Highlight of the Week

5/2 – Newburgh, HRM 61: In late afternoon, I came upon a neotropic cormorant (Nannopterum brasilianum) perched on a piling on the Newburgh waterfront near the New York Waterways Ferry. This was the third year in a row I have found this rare species at the Newburgh Waterfront.

My 2022 sighting of the neotropic cormorant (first of three) was a first sighting for not only Orange County but for the entire Hudson River Valley. They are the most widespread species of cormorant in the Americas from the mid-south U.S., through the Caribbean, to Cape Horn at the tip of South America.
– Bruce Nott

Neotropic cormorant

Neotropic cormorant – courtesy of Bruce Nott

Natural History Entries

4/28 – Town of Newburgh, HRM 60: I did my usual running around the county looking for birds today—there are plenty of new birds around. I added eleven new species to my Orange County year-list, one of which was a black-crowned night heron at the mouth of Quassaick Creek. These days that’s a pretty good bird for the county, and it’s been seen in that location now for several years.
– Matt Zeitler

Black-crowned night heron

Black-crowned night heron – courtesy of Matt Zeitler

4/29 – Little Stony Point, HRM 55: On the beach today, we found an uncommon combination of a perfect tide, current, wind, and warmth (56 degree Fahrenheit water) for seining. We hauled with the last of the down-tide and intercepted what seemed to be less of a school and more like a pulse of young-of-year bay anchovies (25-35 millimeters). They had come in from the sea, heading upriver, not to spawn but to “summer” in the plankton-rich freshwater (they are filter-feeders) of the estuary. We netted and later released several hundred and a like-number made it through the quarter-inch mesh of our seine and wiggled back into the shallows. We also found a dozen or more yearling striped bass (class of 2023) in our net (70-90 mm).
– Tom Lake, Seth Dinitz, Ellie Dinitz.

[Note: One-inch equals 25.4 millimeters (mm). Tom Lake]

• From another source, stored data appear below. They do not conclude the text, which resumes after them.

lemma tikhonov_filter_beta_alpha:
  assumes "\<alpha> > 0"
  shows "tikhonov_filter \<alpha> s (beta_alpha \<alpha> s) = min 1 (s / (2 * sqrt \<alpha>))"
proof (cases "s \<ge> 2 * sqrt \<alpha>")
  case True
  define r where "r = sqrt (s\<^sup>2 / 4 - \<alpha>)"
  have "r * r = s * s / 4 - \<alpha>"
    using beta_alpha_radicand_nonneg[OF \<open>\<alpha> > 0\<close> True] by (simp add: r_def flip: power2_eq_square)
  moreover have "beta_alpha \<alpha> s = s / 2 + r"
    using True by (simp add: beta_alpha_def r_def)
  ultimately have "s * beta_alpha \<alpha> s = (beta_alpha \<alpha> s)\<^sup>2 + \<alpha>"
    by (simp add: power2_eq_square algebra_simps)
  moreover have "(beta_alpha \<alpha> s)\<^sup>2 + \<alpha> > 0"
    using \<open>\<alpha> > 0\<close> by (simp add: add_nonneg_pos)
  moreover have "1 \<le> s / (2 * sqrt \<alpha>)"
    using True \<open>\<alpha> > 0\<close> by simp
  ultimately show ?thesis
    by (simp add: tikhonov_filter_def)
next
  case False
  then show ?thesis
    using \<open>\<alpha> > 0\<close> by (simp add: tikhonov_filter_def beta_alpha_def power2_eq_square divide_simps)
qed

lemma tikhonov_filter_beta_alpha_optimal:
  assumes "\<alpha> > 0" "s \<ge> 0"
  shows "(1 - tikhonov_filter \<alpha> s (beta_alpha \<alpha> s))\<^sup>2 \<le> (1 - tikhonov_filter \<alpha> s b)\<^sup>2"
  using tikhonov_filter_le[OF assms, of b]
  by (auto simp: tikhonov_filter_beta_alpha[OF assms(1)] min_def intro!: power_mono)

theorem theorem1:
  fixes A :: "'a::{real_inner,complete_space} \<Rightarrow>\<^sub>L 'b::{real_inner,complete_space}"
    and I :: "'i set" and \<sigma> :: "'i \<Rightarrow> real" and u :: "'i \<Rightarrow> 'a" and v :: "'i \<Rightarrow> 'b"
    and \<alpha> :: real
  assumes "compact_operator A"
    and "singular_system A I \<sigma> u v"
    and "\<alpha> > 0"
  shows "\<exists>B\<alpha>. op_series I (\<lambda>i. beta_alpha \<alpha> (\<sigma> i)) u v (blinfun_apply B\<alpha>) \<and>
              B\<alpha> \<in> class_B I u v \<and>
              (\<forall>y\<delta>. \<forall>B\<in>class_B I u v. F_obj \<alpha> A y\<delta> B\<alpha> \<le> F_obj \<alpha> A y\<delta> B)"
proof -
  have ou: "orthonormal_on I u" and ov: "orthonormal_on I v"
    and \<sigma>_pos: "\<And>i. i \<in> I \<Longrightarrow> \<sigma> i > 0" and opA: "op_series I \<sigma> u v (blinfun_apply A)"
    using assms(2) by (auto simp: singular_system_def)
  have bound: "\<bar>beta_alpha \<alpha> (\<sigma> i)\<bar> \<le> max (norm A) (sqrt \<alpha>)" if "i \<in> I" for i
    using beta_alpha_bounds[OF \<open>\<alpha> > 0\<close>, of "\<sigma> i"] singular_system_le_norm[OF assms(2) that] by auto
  then obtain B\<alpha> :: "'a \<Rightarrow>\<^sub>L 'b" where opB\<alpha>: "op_series I (\<lambda>i. beta_alpha \<alpha> (\<sigma> i)) u v (blinfun_apply B\<alpha>)"
    using op_series_exists[OF ou ov, of "\<lambda>i. beta_alpha \<alpha> (\<sigma> i)"] by blast
  have "B\<alpha> \<in> class_B I u v"
    unfolding class_B_def using opB\<alpha> bound beta_alpha_bounds(1)[OF \<open>\<alpha> > 0\<close>]
    by (intro CollectI exI[of _ "\<lambda>i. beta_alpha \<alpha> (\<sigma> i)"] conjI ballI
        bdd_aboveI[where M = "max (norm A) (sqrt \<alpha>)"]) auto
  moreover have "F_obj \<alpha> A y B\<alpha> \<le> F_obj \<alpha> A y B" if B: "B \<in> class_B I u v" for y B
  proof -
    obtain \<beta> where "op_series I \<beta> u v (blinfun_apply B)"
      using B unfolding class_B_def by blast
    then show ?thesis
      using tikhonov_filter_beta_alpha_optimal[OF \<open>\<alpha> > 0\<close> less_imp_le[OF \<sigma>_pos]]
      by (intro F_obj_mono[OF ou ov \<open>\<alpha> > 0\<close> opA opB\<alpha>])
  qed
  ultimately show ?thesis
    using opB\<alpha> by blast
qed

end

[In some seasons, the bay anchovy (Anchoa mitchilli) is the dominant [fish] species in the Hudson River estuary (W.L. Dovel 1977).]

Bay anchovy

Bay anchovy – courtesy of Tommy Jackson

4/29 – Hook Mountain, HRM 31: We counted 184 northward bound raptors at the Hook Mountain Hawkwatch today. Broad-winged hawk was high count with 143. Sharp-shinned hawk was next with 17.

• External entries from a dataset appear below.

text \<open>
  On an arc of m < n nodes a new version (rate \<lambda>_e) clears the arc, the source hits it at rate
  \<lambda> m/n, and a message from one of its two outside neighbours (total rate \<lambda>) extends it by a
  node; the full ring only reacts to new versions and to the source.
\<close>
function arc_freshness :: "real \<Rightarrow> real \<Rightarrow> nat \<Rightarrow> nat \<Rightarrow> real" where
  "arc_freshness le l n m = (if n \<le> m then l / (le + l)
     else (l * real m / real n + l * arc_freshness le l n (Suc m)) / (le + l * real m / real n + l))"
  by auto
termination
  by (relation "Wellfounded.measure (\<lambda>(le, l, n, m). n - m)") auto

declare arc_freshness.simps[simp del]

lemma arc_freshness_full: "n \<le> m \<Longrightarrow> arc_freshness le l n m = l / (le + l)"
  by (simp add: arc_freshness.simps[of le l n m])

lemma arc_freshness_less: "m < n \<Longrightarrow> arc_freshness le l n m
    = (l * real m / real n + l * arc_freshness le l n (Suc m)) / (le + l * real m / real n + l)"
  by (simp add: arc_freshness.simps[of le l n m])

locale positive_rates =
  fixes le l :: real
  assumes le_pos: "0 < le" and l_pos: "0 < l"
begin

lemma arc_freshness_bounds: "0 \<le> arc_freshness le l n m \<and> arc_freshness le l n m \<le> 1"
proof (induction "n - m" arbitrary: m)
  case 0
  then show ?case
    using le_pos l_pos by (simp add: arc_freshness_full)
next
  case (Suc d)
  then have m: "m < n"
    by simp
  have IH: "0 \<le> arc_freshness le l n (Suc m) \<and> arc_freshness le l n (Suc m) \<le> 1"
    using Suc.hyps by simp
  let ?src = "l * real m / real n"
  have den: "0 < le + ?src + l"
    using le_pos l_pos by (simp add: add_pos_nonneg)
  have "0 \<le> ?src + l * arc_freshness le l n (Suc m)"
    using IH l_pos by simp
  moreover have "?src + l * arc_freshness le l n (Suc m) \<le> le + ?src + l"
    using IH le_pos l_pos mult_left_le[of "arc_freshness le l n (Suc m)" l] by linarith
  moreover have "arc_freshness le l n m = (?src + l * arc_freshness le l n (Suc m)) / (le + ?src + l)"
    using m by (rule arc_freshness_less)
  ultimately show ?case
    using den by (simp add: divide_le_eq_1)
qed

lemma arc_freshness_rec:
  assumes "m < n"
  shows "(le + l * real m / real n + l) * arc_freshness le l n m
    = l * real m / real n + l * arc_freshness le l n (Suc m)"
proof -
  have "0 < le + l * real m / real n + l"
    using le_pos l_pos by (simp add: add_pos_nonneg)
  then show ?thesis
    using arc_freshness_less[OF assms] by simp
qed

lemma arc_freshness_eq:
  assumes "1 \<le> m" "m \<le> n"
  shows "total_rate le l n * arc_freshness le l n m = l * real m / real n
     + (l * (real n - real m) / real n + l * (real n - 1)) * arc_freshness le l n m
     + l * arc_freshness le l n (m + 1)"
proof (cases "m < n")
  case True
  let ?c = "le + l * real m / real n + l" and ?d = "l * (real n - real m) / real n + l * (real n - 1)"
  have rec: "?c * arc_freshness le l n m = l * real m / real n + l * arc_freshness le l n (m + 1)"
    using arc_freshness_rec[OF True] by simp
  have "l * real m / real n + l * (real n - real m) / real n = l * (real m + (real n - real m)) / real n"
    by (simp only: distrib_left add_divide_distrib)
  also have "\<dots> = l"
    using True by simp
  finally have "l * real m / real n + l * (real n - real m) / real n = l" .
  moreover have "l * (real n - 1) = real n * l - l"
    by (simp add: algebra_simps)
  ultimately have "total_rate le l n = ?c + ?d"
    using True by (simp add: total_rate_eq)
  then have "total_rate le l n * arc_freshness le l n m
      = ?c * arc_freshness le l n m + ?d * arc_freshness le l n m"
    by (simp only: distrib_right)
  also have "\<dots> = l * real m / real n + l * arc_freshness le l n (m + 1) + ?d * arc_freshness le l n m"
    by (simp only: rec)
  finally show ?thesis
    by (simp only: ac_simps)
next
  case False
  then have "m = n"
    using assms by simp
  let ?f = "arc_freshness le l n n"
  have "total_rate le l n * ?f = (le + l) * ?f + l * (real n - 1) * ?f + l * ?f"
    using assms by (simp add: total_rate_eq algebra_simps)
  also have "(le + l) * ?f = l"
    using le_pos l_pos by (simp add: arc_freshness_full)
  finally have "total_rate le l n * ?f = l + l * (real n - 1) * ?f + l * ?f" .
  moreover have "arc_freshness le l n (n + 1) = ?f"
    by (simp add: arc_freshness_full)
  ultimately show ?thesis
    using \<open>m = n\<close> assms by simp
qed

end

section \<open>Convergence of the expected freshness\<close>

lemma poisson_mixture_dist_le:
  fixes b :: "nat \<Rightarrow> real" and c r x :: real
  assumes "0 \<le> x" "0 \<le> r" "\<And>k. \<bar>b k - c\<bar> \<le> r ^ k"
  shows "\<bar>(\<Sum>k. exp (- x) * x ^ k / fact k * b k) - c\<bar> \<le> exp (- (1 - r) * x)"
proof -
  define w where "w k = exp (- x) * x ^ k / fact k" for k
  have exp_sums: "(\<lambda>k. y ^ k / fact k) sums exp y" for y :: real
    using exp_converges[of y] by (simp add: divide_inverse mult.commute)
  have w_nonneg: "0 \<le> w k" for k
    unfolding w_def using assms(1) by simp
  have "(\<lambda>k. exp (- x) * (x ^ k / fact k)) sums (exp (- x) * exp x)"
    by (rule sums_mult[OF exp_sums])
  then have w_sums: "w sums 1"
    unfolding w_def by (simp add: exp_minus field_simps)
  have "(\<lambda>k. exp (- x) * ((x * r) ^ k / fact k)) sums (exp (- x) * exp (x * r))"
    by (rule sums_mult[OF exp_sums])
  moreover have "exp (- x) * exp (x * r) = exp (- (1 - r) * x)"
    by (simp add: exp_add[symmetric] algebra_simps)
  ultimately have wr_sums: "(\<lambda>k. w k * r ^ k) sums exp (- (1 - r) * x)"
    unfolding w_def by (simp add: power_mult_distrib field_simps)
  have dev_le: "\<bar>w k * (b k - c)\<bar> \<le> w k * r ^ k" for k
    using assms(3)[of k] w_nonneg[of k] by (simp add: abs_mult mult_left_mono)
  have dev_summable: "summable (\<lambda>k. \<bar>w k * (b k - c)\<bar>)"
    by (rule summable_comparison_test[OF _ sums_summable[OF wr_sums]]) (use dev_le in auto)
  have "(\<lambda>k. w k * b k) = (\<lambda>k. w k * c + w k * (b k - c))"
    by (simp add: algebra_simps)
  moreover have "(\<lambda>k. w k * c) sums c"
    using sums_mult2[OF w_sums, of c] by simp
  ultimately have "(\<lambda>k. w k * b k) sums (c + (\<Sum>k. w k * (b k - c)))"
    using summable_rabs_cancel[OF dev_summable] by (simp add: sums_add summable_sums)
  then have "(\<Sum>k. w k * b k) - c = (\<Sum>k. w k * (b k - c))"
    by (simp add: sums_iff)
  also have "\<bar>\<dots>\<bar> \<le> (\<Sum>k. \<bar>w k * (b k - c)\<bar>)"
    by (rule summable_rabs[OF dev_summable])
  also have "\<dots> \<le> (\<Sum>k. w k * r ^ k)"
    by (rule suminf_le[OF dev_le dev_summable sums_summable[OF wr_sums]])
  also have "\<dots> = exp (- (1 - r) * x)"
    using sums_unique[OF wr_sums] by simp
  finally show ?thesis
    by (simp add: w_def mult.assoc)
qed

locale ring_gossip = positive_rates +
  fixes n :: nat and S0 :: "nat set"
  assumes n_pos: "0 < n" and S0_sub: "S0 \<subseteq> {..<n}"
begin

abbreviation q :: real where "q \<equiv> total_rate le l n"

abbreviation P :: "nat \<Rightarrow> nat set \<Rightarrow> real" where "P \<equiv> state_dist le l n S0"

lemma total_rate_pos: "0 < q"
  using le_pos l_pos by (simp add: total_rate_eq[OF n_pos] add_pos_nonneg)

lemma sum_trans_prob:
  assumes "S \<in> Pow {..<n}"
  shows "(\<Sum>T\<in>Pow {..<n}. trans_prob le l n S T * g T) =
    (le * g {} + (\<Sum>j<n. l / n * g (insert j S))
     + (\<Sum>j<n. l / 2 * g (gossip_upd j ((j + 1) mod n) S)
              + l / 2 * g (gossip_upd j ((j + n - 1) mod n) S))) / q"
proof -
  have delta: "(\<Sum>T\<in>Pow {..<n}. (if T = X then 1 else 0) * g T) = g X" if "X \<in> Pow {..<n}" for X
    using that by (simp add: mult_delta_left del: Pow_iff)
  have closed: "insert j S \<in> Pow {..<n}" "gossip_upd j i S \<in> Pow {..<n}" if "i < n" "j < n" for i j
    using assms that by (auto simp: gossip_upd_def)
  have "(\<Sum>T\<in>Pow {..<n}. trans_prob le l n S T * g T) =
     (\<Sum>T\<in>Pow {..<n}. (le * ((if T = {} then 1 else 0) * g T)
      + (\<Sum>j<n. (l / real n) * ((if T = insert j S then 1 else 0) * g T))
      + (\<Sum>j<n. (l / 2) * ((if T = gossip_upd j ((j + 1) mod n) S then 1 else 0) * g T)
                + (l / 2) * ((if T = gossip_upd j ((j + n - 1) mod n) S then 1 else 0) * g T))) / q)"
    unfolding trans_prob_def
    by (intro sum.cong refl) (simp add: sum_distrib_right sum_distrib_left sum_divide_distrib algebra_simps)
  also have "\<dots> = (le * (\<Sum>T\<in>Pow {..<n}. (if T = {} then 1 else 0) * g T)
      + (\<Sum>j<n. (l / real n) * (\<Sum>T\<in>Pow {..<n}. (if T = insert j S then 1 else 0) * g T))
      + (\<Sum>j<n. (l / 2) * (\<Sum>T\<in>Pow {..<n}. (if T = gossip_upd j ((j + 1) mod n) S then 1 else 0) * g T)
                + (l / 2) * (\<Sum>T\<in>Pow {..<n}. (if T = gossip_upd j ((j + n - 1) mod n) S then 1 else 0) * g T))) / q"
    by (simp add: sum_divide_distrib[symmetric] sum.distrib sum_distrib_left sum.swap[of _ "Pow {..<n}"])
  also have "\<dots> = (le * g {} + (\<Sum>j<n. l / n * g (insert j S))
     + (\<Sum>j<n. l / 2 * g (gossip_upd j ((j + 1) mod n) S)
              + l / 2 * g (gossip_upd j ((j + n - 1) mod n) S))) / q"
    using n_pos closed by (simp add: delta)
  finally show ?thesis .
qed

lemma sum_state_dist_Suc:
  "(\<Sum>T\<in>Pow {..<n}. P (Suc k) T * g T) = (\<Sum>S\<in>Pow {..<n}. P k S *
    ((le * g {} + (\<Sum>j<n. l / n * g (insert j S))
     + (\<Sum>j<n. l / 2 * g (gossip_upd j ((j + 1) mod n) S)
              + l / 2 * g (gossip_upd j ((j + n - 1) mod n) S))) / q))"
proof -
  have "(\<Sum>T\<in>Pow {..<n}. P (Suc k) T * g T) =
     (\<Sum>T\<in>Pow {..<n}. \<Sum>S\<in>Pow {..<n}. P k S * (trans_prob le l n S T * g T))"
    by (simp add: sum_distrib_right mult.assoc)
  also have "\<dots> = (\<Sum>S\<in>Pow {..<n}. P k S * (\<Sum>T\<in>Pow {..<n}. trans_prob le l n S T * g T))"
    by (subst sum.swap) (simp add: sum_distrib_left)
  finally show ?thesis
    by (simp add: sum_trans_prob)
qed

lemma sum_state_dist: "(\<Sum>S\<in>Pow {..<n}. P k S) = 1"
proof (induction k)
  case 0
  then show ?case
    using S0_sub by simp
next
  case (Suc k)
  have "(le + real n * (l / n) + real n * l) / q = 1"
    using total_rate_pos n_pos by (simp add: total_rate_eq)
  then show ?case
    using sum_state_dist_Suc[of k "\<lambda>_. 1"] Suc by simp
qed

definition hit_prob :: "nat \<Rightarrow> nat set \<Rightarrow> real" where
  "hit_prob k A = (\<Sum>S\<in>Pow {..<n}. P k S * of_bool (A \<inter> S \<noteq> {}))"

lemma hit_prob_0: "hit_prob 0 A = of_bool (A \<inter> S0 \<noteq> {})"
  using S0_sub by (simp add: hit_prob_def mult_delta_left
      del: sum_of_bool_eq sum_mult_of_bool_eq sum_of_bool_mult_eq)

lemma hit_prob_Suc:
  "hit_prob (Suc k) A = ((\<Sum>j<n. l / n * (if j \<in> A then 1 else hit_prob k A))
     + (\<Sum>j<n. l / 2 * hit_prob k (gossip_upd ((j + 1) mod n) j A)
              + l / 2 * hit_prob k (gossip_upd ((j + n - 1) mod n) j A))) / q"
proof -
  have source: "(\<Sum>S\<in>Pow {..<n}. P k S * of_bool (A \<inter> insert j S \<noteq> {}))
      = (if j \<in> A then 1 else hit_prob k A)" for j
    by (simp add: hit_prob_def sum_state_dist)
  have gossip: "(\<Sum>S\<in>Pow {..<n}. P k S * of_bool (A \<inter> gossip_upd i j S \<noteq> {}))
      = hit_prob k (gossip_upd j i A)" for i j
    by (simp add: hit_prob_def gossip_upd_dual)
  have "hit_prob (Suc k) A = (\<Sum>S\<in>Pow {..<n}. P k S *
    ((le * of_bool (A \<inter> {} \<noteq> {}) + (\<Sum>j<n. l / n * of_bool (A \<inter> insert j S \<noteq> {}))
     + (\<Sum>j<n. l / 2 * of_bool (A \<inter> gossip_upd j ((j + 1) mod n) S \<noteq> {})
              + l / 2 * of_bool (A \<inter> gossip_upd j ((j + n - 1) mod n) S \<noteq> {}))) / q))"
    unfolding hit_prob_def by (rule sum_state_dist_Suc)
  also have "\<dots> = ((\<Sum>j<n. l / n * (\<Sum>S\<in>Pow {..<n}. P k S * of_bool (A \<inter> insert j S \<noteq> {})))
     + (\<Sum>j<n. l / 2 * (\<Sum>S\<in>Pow {..<n}. P k S * of_bool (A \<inter> gossip_upd j ((j + 1) mod n) S \<noteq> {}))
             + l / 2 * (\<Sum>S\<in>Pow {..<n}. P k S * of_bool (A \<inter> gossip_upd j ((j + n - 1) mod n) S \<noteq> {})))) / q"
    by (simp add: sum_divide_distrib[symmetric] sum_distrib_left sum_distrib_right
        sum.distrib sum.swap[of _ "Pow {..<n}" "{..<n}"] algebra_simps
        del: sum_of_bool_eq sum_mult_of_bool_eq sum_of_bool_mult_eq)
  also have "\<dots> = ((\<Sum>j<n. l / n * (if j \<in> A then 1 else hit_prob k A))
     + (\<Sum>j<n. l / 2 * hit_prob k (gossip_upd ((j + 1) mod n) j A)
              + l / 2 * hit_prob k (gossip_upd ((j + n - 1) mod n) j A))) / q"
    by (simp only: source gossip)
  finally show ?thesis .
qed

Among non-raptor migrants, turkey vulture was high count with 65. A local peregrine falcon came through at high speed, eye-level, and performed a few dizzying aerodynamic displays. 
– Tom Fiore, Kristine Wallstrom

4/29 – Yonkers, HRM 18: Our research and education team at the Sarah Lawrence Center for the Urban River at Beczak, with enthusiastic assistance from a third-grade class from Manhattan’s Dalton School, made nine hauls of our beach seine today at mid-tide. Our catch was highlighted by our first striped bass of the year as well as three (young-of-the-winter) Atlantic herring. The river was 54 degrees Fahrenheit (F), the salinity was 4.6 parts-per-thousand (ppt), and the dissolved oxygen (DO) was 9.6 parts-per-million (ppm).
– Amy Lienert, Emily Orr, Katie Lamboy, Suzy Schwimmer

4/29 – Manhattan, HRM 1-2: Our Hudson River Park’s River Project staff and interns checked our research gear (pots and traps) that we deploy at Piers 26 and 40 as part of our fish ecology survey. It seemed to us that the fish must be enjoying the spring (warming river) as much as we were, as we caught a variety of species in our traps. Among the fishes was a ten-inch American eel (260 mm), a cunner (135 mm), two tautog (190-210 mm), and three amazing, lined seahorses (50-65 mm).
– Toland Kister, Sierra Drury, Laila Ortiz

4/30 – Sullivan County, HRM 94: A brilliant blue male indigo bunting came to our bird feeder today in Bethel (two miles from the original 1969 Woodstock site). The sighting generated an honest: “Wow!”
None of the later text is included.